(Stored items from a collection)
lemma abs_hom_dens_minus_sample_exp_le:
  assumes B: "\<And>i j t. (i,j) \<in> pairs k \<Longrightarrow> \<bar>F i j t\<bar> \<le> B" and "k \<le> n" "0 < n"
  shows "\<bar>hom_dens k F n G - sample_exp n G k (decoration_product k F)\<bar>
           \<le> 2 * \<bar>B\<bar> ^ card (pairs k) * (1 - real (card (inj_tuples k n)) / real n ^ k)"
proof -
  define A where "A = {0..<k} \<rightarrow>\<^sub>E {0..<n}"
  define I where "I = inj_tuples k n"
  define w where "w = (\<lambda>\<phi>. \<Prod>(i,j)\<in>pairs k. F i j (G (\<phi> i) (\<phi> j)))"
  define M where "M = \<bar>B\<bar> ^ card (pairs k)"
  have "finite A" "I \<subseteq> A"
    unfolding A_def I_def inj_tuples_def by (auto simp: finite_PiE)
  have card_A: "card A = n ^ k"
    unfolding A_def by (simp add: card_funcsetE)
  have "0 < card I"
    unfolding I_def card_inj_tuples using \<open>k \<le> n\<close> by (auto simp: prod_pos)
  have "card I \<le> card A"
    using \<open>finite A\<close> \<open>I \<subseteq> A\<close> by (rule card_mono)
  have w_le: "\<bar>w \<phi>\<bar> \<le> M" for \<phi>
    unfolding w_def M_def case_prod_beta
    by (rule abs_prod_le_power) (auto intro: order_trans[OF B abs_ge_self])
  have sum_le: "\<bar>sum w X\<bar> \<le> M * real (card X)" for X
  proof -
    have "\<bar>sum w X\<bar> \<le> (\<Sum>\<phi>\<in>X. \<bar>w \<phi>\<bar>)" by (rule sum_abs)
    also have "\<dots> \<le> real (card X) * M" by (rule sum_bounded_above) (rule w_le)
    finally show ?thesis by (simp add: mult.commute)
  qed
  have "card (A - I) = card A - card I"
    using \<open>finite A\<close> \<open>I \<subseteq> A\<close> by (simp add: card_Diff_subset finite_subset)
  then have bounds: "\<bar>sum w I\<bar> \<le> M * card I" "\<bar>sum w (A - I)\<bar> \<le> M * (card A - real (card I))"
    using sum_le[of I] sum_le[of "A - I"] \<open>card I \<le> card A\<close> by (simp_all add: of_nat_diff)
  have "hom_dens k F n G = (sum w I + sum w (A - I)) / card A"
    unfolding hom_dens_def w_def A_def[symmetric] card_A
    using sum.subset_diff[OF \<open>I \<subseteq> A\<close> \<open>finite A\<close>, of w] by (simp add: w_def add.commute)
  moreover have "sample_exp n G k (decoration_product k F) = sum w I / card I"
    unfolding sample_exp_def I_def[symmetric] w_def decoration_product_def
    by (intro arg_cong2[where f="(/)"] sum.cong prod.cong refl) auto
  ultimately have "\<bar>hom_dens k F n G - sample_exp n G k (decoration_product k F)\<bar>
      \<le> 2 * M * (1 - real (card I) / real (card A))"
    using abs_partial_mean_diff_le[OF bounds] \<open>0 < card I\<close> \<open>card I \<le> card A\<close> by simp
  then show ?thesis
    unfolding M_def I_def card_A by simp
qed

lemma hom_dens_minus_sample_exp_tendsto_0:
  fixes Gs :: "nat \<Rightarrow> nat \<Rightarrow> nat \<Rightarrow> 'k"
  assumes B: "\<And>i j t. (i,j) \<in> pairs k \<Longrightarrow> \<bar>F i j t\<bar> \<le> B"
    and N: "filterlim N at_top sequentially"
  shows "(\<lambda>n. hom_dens k F (N n) (Gs n) - sample_exp (N n) (Gs n) k (decoration_product k F))
           \<longlonglongrightarrow> 0"
proof (rule Lim_null_comparison)
  define r where "r = (\<lambda>n. real (card (inj_tuples k n)) / real n ^ k)"
  have "(\<lambda>n. 2 * \<bar>B\<bar> ^ card (pairs k) * (1 - r (N n))) \<longlonglongrightarrow> 2 * \<bar>B\<bar> ^ card (pairs k) * (1 - 1)"
    using filterlim_compose[OF card_inj_tuples_over_power_tendsto N]
    unfolding r_def by (intro tendsto_intros) simp
  then show "(\<lambda>n. 2 * \<bar>B\<bar> ^ card (pairs k) * (1 - r (N n))) \<longlonglongrightarrow> 0"
    by simp
  have "\<forall>\<^sub>F n in sequentially. Suc k \<le> N n"
    using N by (simp add: filterlim_at_top)
  then show "\<forall>\<^sub>F n in sequentially.
      norm (hom_dens k F (N n) (Gs n) - sample_exp (N n) (Gs n) k (decoration_product k F))
        \<le> 2 * \<bar>B\<bar> ^ card (pairs k) * (1 - r (N n))"
  proof eventually_elim
    case (elim n)
    then show ?case
      using abs_hom_dens_minus_sample_exp_le[OF B, where n="N n" and G="Gs n"] by (simp add: r_def)
  qed
qed

lemma convergent_hom_dens_iff_sample_exp:
  fixes Gs :: "nat \<Rightarrow> nat \<Rightarrow> nat \<Rightarrow> 'k::topological_space"
  assumes "compact (UNIV :: 'k set)" "filterlim N at_top sequentially"
    and "\<And>i j. (i,j) \<in> pairs k \<Longrightarrow> continuous_on UNIV (F i j)"
  shows "convergent (\<lambda>n. hom_dens k F (N n) (Gs n)) \<longleftrightarrow>
         convergent (\<lambda>n. sample_exp (N n) (Gs n) k (decoration_product k F))"
proof -
  have cont: "continuous_on UNIV (F (fst p) (snd p))" if "p \<in> pairs k" for p
    using assms(3) that by auto
  from bounded_continuous_family[where H="\<lambda>p. F (fst p) (snd p)", OF assms(1) finite_pairs cont]
  obtain B where "\<And>p t. p \<in> pairs k \<Longrightarrow> \<bar>F (fst p) (snd p) t\<bar> \<le> B"
    by blast
  then have "\<And>i j t. (i,j) \<in> pairs k \<Longrightarrow> \<bar>F i j t\<bar> \<le> B"
    by (metis fst_conv snd_conv)
  from hom_dens_minus_sample_exp_tendsto_0[OF this assms(2)]
  show ?thesis
    by (rule convergent_iff_if_diff_tendsto_0)
qed

lemma sample_exp_0: "sample_exp n G 0 f = f (\<lambda>_. undefined)"
proof -
  have "inj_tuples 0 n = {\<lambda>_. undefined}" "pairs 0 = {}"
    unfolding inj_tuples_def pairs_def by (auto simp: PiE_empty_domain)
  then show ?thesis
    by (simp add: sample_exp_def restrict_def)
qed

lemma sample_exp_lincomb_step:
  "sample_exp n G k (\<lambda>x. c * q x + g x) = c * sample_exp n G k q + sample_exp n G k g"
  unfolding sample_exp_def by (simp add: sum.distrib sum_distrib_left add_divide_distrib)

lemma abs_sample_exp_diff_le:
  assumes "\<And>x. x \<in> PiE (pairs k) (\<lambda>_. UNIV) \<Longrightarrow> \<bar>f x - g x\<bar> \<le> e" "0 \<le> e"
  shows "\<bar>sample_exp n G k f - sample_exp n G k g\<bar> \<le> e"
proof -
  define I where "I = inj_tuples k n"
  define r where "r = (\<lambda>\<phi>. restrict (\<lambda>(i,j). G (\<phi> i) (\<phi> j)) (pairs k))"
  have "sample_exp n G k f - sample_exp n G k g = (\<Sum>\<phi>\<in>I. f (r \<phi>) - g (r \<phi>)) / card I"
    unfolding sample_exp_def I_def[symmetric] r_def by (simp add: sum_subtractf diff_divide_distrib)
  also have "\<bar>\<dots>\<bar> \<le> (\<Sum>\<phi>\<in>I. \<bar>f (r \<phi>) - g (r \<phi>)\<bar>) / card I"
    by (simp add: divide_right_mono sum_abs)
  also have "\<dots> \<le> (\<Sum>\<phi>\<in>I. e) / card I"
    using assms(1) by (intro divide_right_mono sum_mono) (auto simp: r_def)
  also have "\<dots> \<le> e"
    using assms(2) by (cases "card I = 0") auto
  finally show ?thesis .
qed

section \<open>Linear combinations\<close>

inductive lincomb :: "('a \<Rightarrow> real) set \<Rightarrow> ('a \<Rightarrow> real) \<Rightarrow> bool" for Q where
  lincomb_zero: "lincomb Q (\<lambda>x. 0)"
| lincomb_step: "q \<in> Q \<Longrightarrow> lincomb Q g \<Longrightarrow> lincomb Q (\<lambda>x. c * q x + g x)"

lemma lincomb_add: "lincomb Q f \<Longrightarrow> lincomb Q g \<Longrightarrow> lincomb Q (\<lambda>x. f x + g x)"
proof (induction f rule: lincomb.induct)
  case (lincomb_step q f c)
  from lincomb.lincomb_step[OF lincomb_step.hyps(1) lincomb_step.IH[OF lincomb_step.prems], of c]
  show ?case by (simp add: add.assoc)
qed simp

lemma lincomb_scale: "lincomb Q f \<Longrightarrow> lincomb Q (\<lambda>x. a * f x)"
proof (induction f rule: lincomb.induct)
  case (lincomb_step q f c)
  from lincomb.lincomb_step[OF lincomb_step.hyps(1) lincomb_step.IH, of "a * c"]
  show ?case by (simp add: algebra_simps)
qed (simp add: lincomb_zero)

lemma lincomb_single: "q \<in> Q \<Longrightarrow> lincomb Q (\<lambda>x. c * q x)"
  using lincomb_step[OF _ lincomb_zero, of q Q c] by simp

lemma lincomb_sum:
  assumes "finite A" "\<And>a. a \<in> A \<Longrightarrow> q a \<in> Q"
  shows "lincomb Q (\<lambda>x. \<Sum>a\<in>A. c a * q a x)"
  using assms
proof (induction A rule: finite_induct)
  case (insert a A)
  then show ?case
    using lincomb_step[of "q a" Q "\<lambda>x. \<Sum>a\<in>A. c a * q a x" "c a"] by simp
qed (simp add: lincomb_zero)

lemma lincomb_empty: "lincomb {} g \<Longrightarrow> g = (\<lambda>x. 0)"
  by (induction rule: lincomb.induct) auto

lemma lincomb_mult:
  assumes "\<And>q r. q \<in> Q \<Longrightarrow> r \<in> R \<Longrightarrow> (\<lambda>x. q x * r x) \<in> S"
  shows "lincomb Q f \<Longrightarrow> lincomb R g \<Longrightarrow> lincomb S (\<lambda>x. f x * g x)"
proof (induction f rule: lincomb.induct)
  case (lincomb_step q f c)
  have "lincomb S (\<lambda>x. q x * g x)"
    using \<open>lincomb R g\<close>
  proof (induction g rule: lincomb.induct)
    case (lincomb_step r g d)
    from lincomb.lincomb_step[OF assms[OF \<open>q \<in> Q\<close> \<open>r \<in> R\<close>] lincomb_step.IH, of d]
    show ?case by (simp add: algebra_simps)
  qed (simp add: lincomb_zero)
  from lincomb_add[OF lincomb_scale[OF this, of c] lincomb_step.IH[OF lincomb_step.prems]]
  show ?case by (simp add: algebra_simps)
qed (simp add: lincomb_zero)

lemma lincomb_compose: "lincomb Q g \<Longrightarrow> lincomb ((\<lambda>q x. q (\<phi> x)) ` Q) (\<lambda>x. g (\<phi> x))"
  by (induction rule: lincomb.induct) (auto intro: lincomb.intros)

lemma continuous_on_lincomb:
  assumes "\<And>q. q \<in> Q \<Longrightarrow> continuous_on S q"
  shows "lincomb Q g \<Longrightarrow> continuous_on S g"
  by (induction rule: lincomb.induct) (auto intro!: continuous_intros simp: assms)

lemma lincomb_uniform_approx:
  assumes "\<And>q e. q \<in> Q \<Longrightarrow> 0 < e \<Longrightarrow> \<exists>g. lincomb R g \<and> (\<forall>x. \<bar>q x - g x\<bar> < e)"
  shows "lincomb Q f \<Longrightarrow> 0 < e \<Longrightarrow> \<exists>g. lincomb R g \<and> (\<forall>x. \<bar>f x - g x\<bar> < e)"
proof (induction f arbitrary: e rule: lincomb.induct)
  case lincomb_zero
  then show ?case by (auto intro: lincomb.lincomb_zero)
next
  case (lincomb_step q f c)
  define e' where "e' = e / (2 * (\<bar>c\<bar> + 1))"
  have "0 < e'" unfolding e'_def using lincomb_step.prems by simp
  then obtain q' where q': "lincomb R q'" "\<And>x. \<bar>q x - q' x\<bar> < e'"
    using assms[OF lincomb_step.hyps(1)] by blast
  obtain f' where f': "lincomb R f'" "\<And>x. \<bar>f x - f' x\<bar> < e / 2"
    using lincomb_step.IH[of "e / 2"] lincomb_step.prems by auto
  have cq: "\<bar>c * (q x - q' x)\<bar> \<le> e / 2" for x
  proof -
    have "\<bar>c * (q x - q' x)\<bar> \<le> \<bar>c\<bar> * e'"
      unfolding abs_mult using q'(2)[of x] by (intro mult_left_mono) auto
    also have "\<dots> \<le> e / 2"
      unfolding e'_def using lincomb_step.prems by (simp add: field_simps)
    finally show ?thesis .
  qed
  have "\<bar>(c * q x + f x) - (c * q' x + f' x)\<bar> < e" for x
    using cq[of x] f'(2)[of x] abs_triangle_ineq[of "c * (q x - q' x)" "f x - f' x"]
    by (simp add: algebra_simps)
  moreover have "lincomb R (\<lambda>x. c * q' x + f' x)"
    by (rule lincomb_add[OF lincomb_scale[OF q'(1)] f'(1)])
  ultimately show ?case by blast
qed

lemma convergent_sample_exp_lincomb:
  assumes "\<And>q. q \<in> Q \<Longrightarrow> convergent (\<lambda>n. sample_exp (N n) (Gs n) k q)"
  shows "lincomb Q g \<Longrightarrow> convergent (\<lambda>n. sample_exp (N n) (Gs n) k g)"
proof (induction rule: lincomb.induct)
  case lincomb_zero
  show ?case by (simp add: sample_exp_def convergent_const)
next
  case (lincomb_step q g c)
  obtain l1 l2 where "(\<lambda>n. sample_exp (N n) (Gs n) k q) \<longlonglongrightarrow> l1"
      "(\<lambda>n. sample_exp (N n) (Gs n) k g) \<longlonglongrightarrow> l2"
    using assms[OF lincomb_step.hyps(1)] lincomb_step.IH by (auto simp: convergent_def)
  then have "(\<lambda>n. c * sample_exp (N n) (Gs n) k q + sample_exp (N n) (Gs n) k g) \<longlonglongrightarrow> c * l1 + l2"
    by (intro tendsto_intros)
  then show ?case
    unfolding sample_exp_lincomb_step convergent_def by blast
qed
(* For $F\in\mathbb F_{\Phi^*}$ define $\varphi(F,x)=\int_0^1\Phi^*(F^\leftarrow(u)+x)\,du-x$ for $x\in\mathbb R$. Then: 1) $\varphi(F,\cdot)$ is convex and its set of minimizers is a nonempty compact interval of $\mathbb R$; 2) the left and right derivatives of $\varphi(F,\cdot)$ satisfy, for every $x\in\mathbb R$, $\varphi(F,\cdot)'_-(x)=\int_0^1\Phi^{*\prime}_-(F^\leftarrow(u)+x)\,du-1$ and $\varphi(F,\cdot)'_+(x)=\int_0^1\Phi^{*\prime}_+(F^\leftarrow(u)+x)\,du-1$.
   Context: $\Phi:[0,\infty[\to[0,\infty]$ lower semicontinuous convex with $\Phi(0)<\infty$, $\Phi(x_0)<\infty$ for some $x_0>1$, $\inf_{x\ge0}\Phi(x)=0$, $\lim_{x\to\infty}\Phi(x)/x=\infty$; $\Phi^*(y)=\sup_{x\ge0}(xy-\Phi(x))$ is finite, convex, nondecreasing; $\Phi^{*\prime}_-,\Phi^{*\prime}_+$ denote its left and right derivatives. On an atomless probability space, $H^{\Phi^*}=\{X:\mathbb E[\Phi^*(c|X|)]<\infty\ \forall c>0\}$, and $\mathbb F_{\Phi^*}$ is the set of distribution functions of random variables in $H^{\Phi^*}$; $F^\leftarrow$ denotes the left-continuous quantile function of $F$. *)

theory Defs
  imports "HOL-Probability.Probability"
begin

text \<open>Phi is modelled as a function real => ereal; only its values on [0,inf) matter.\<close>

definition Young_fun :: "(real \<Rightarrow> ereal) \<Rightarrow> bool" where
  "Young_fun \<Phi> \<longleftrightarrow>
     (\<forall>x\<ge>0. \<Phi> x \<ge> 0) \<and>
     \<comment> \<open>lower semicontinuous on [0,inf)\<close>
     (\<forall>x\<ge>0. \<forall>t<\<Phi> x. eventually (\<lambda>y. t < \<Phi> y) (at x within {0..})) \<and>
     \<comment> \<open>convex on [0,inf)\<close>
     (\<forall>x\<ge>0. \<forall>y\<ge>0. \<forall>t\<in>{0..1}.
        \<Phi> ((1 - t) * x + t * y) \<le> ereal (1 - t) * \<Phi> x + ereal t * \<Phi> y) \<and>
     \<Phi> 0 < \<infinity> \<and>
     (\<exists>x0>1. \<Phi> x0 < \<infinity>) \<and>
     (INF x\<in>{0..}. \<Phi> x) = 0 \<and>
     ((\<lambda>x. \<Phi> x / ereal x) \<longlongrightarrow> \<infinity>) at_top"

text \<open>Convex conjugate Phi*(y) = sup_{x>=0} (x y - Phi x) (finite under Young_fun).\<close>
definition young_conj :: "(real \<Rightarrow> ereal) \<Rightarrow> real \<Rightarrow> real" where
  "young_conj \<Phi> y = real_of_ereal (SUP x\<in>{0..}. ereal (x * y) - \<Phi> x)"
(* Let $\mathcal{D}$ be a distribution supported on $(0,1]$ with mean $\mu$. Fix $n,m$, a preference profile $\sigma$, and $\epsilon,\delta>0$, and let $T=\frac{2\log(2m/\delta)}{\mu^2\epsilon^2}$. Draw $T$ independent batches of $nm$ i.i.d. samples from $\mathcal{D}$. In batch $t$, give each voter $i$ her own $m$ samples, and let $Y^{i,t}_r$ denote the $r$-th largest of them. For each alternative $j$, letting $r^j_i$ be the position of $j$ in voter $i$'s ranking, define $$\hat\mu_j=\frac1T\sum_{t=1}^T\frac{\sum_{i=1}^n Y^{i,t}_{r^j_i}}{\max_{k\in A}\sum_{i=1}^n Y^{i,t}_{r^k_i}},$$ and let $j_{\mathrm{samp}}\in\arg\max_j\hat\mu_j$. Then with probability at least $1-\delta$ (over the samples), $$\mathbb{E}[\mathrm{dist}(j_{\mathrm{samp}},\sigma)]\ge(1-\epsilon)\max_{j\in A}\mathbb{E}[\mathrm{dist}(j,\sigma)].$$
   Context: There are $n$ voters and $m$ alternatives $A=\{1,\dots,m\}$. A preference profile $\sigma$ consists of a ranking of $A$ for each voter; position $1$ is the top. Given $\mathcal{D}$ and $\sigma$, a random utility profile $u$ consistent with $\sigma$ is generated as follows: independently for each voter $i$, draw $m$ i.i.d. samples from $\mathcal{D}$ and assign them, from highest to lowest, to the alternatives in the order of voter $i$'s ranking. The social welfare of $j$ is $\mathrm{sw}(j,u)=\sum_i u_{ij}$, and the distortion of $j$ at $\sigma$ is the random variable $\mathrm{dist}(j,\sigma)=\mathrm{sw}(j,u)/\max_{k\in A}\mathrm{sw}(k,u)$; $\mathbb{E}[\mathrm{dist}(j,\sigma)]$ is the expectation over a fresh such $u$ (for fixed $j_{\mathrm{samp}}$). *)

theory Defs
  imports "HOL-Probability.Probability"
begin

PROBLEM DETAILS
Supply only the count of lines above holding "symmetric".

TASK ANSWER
3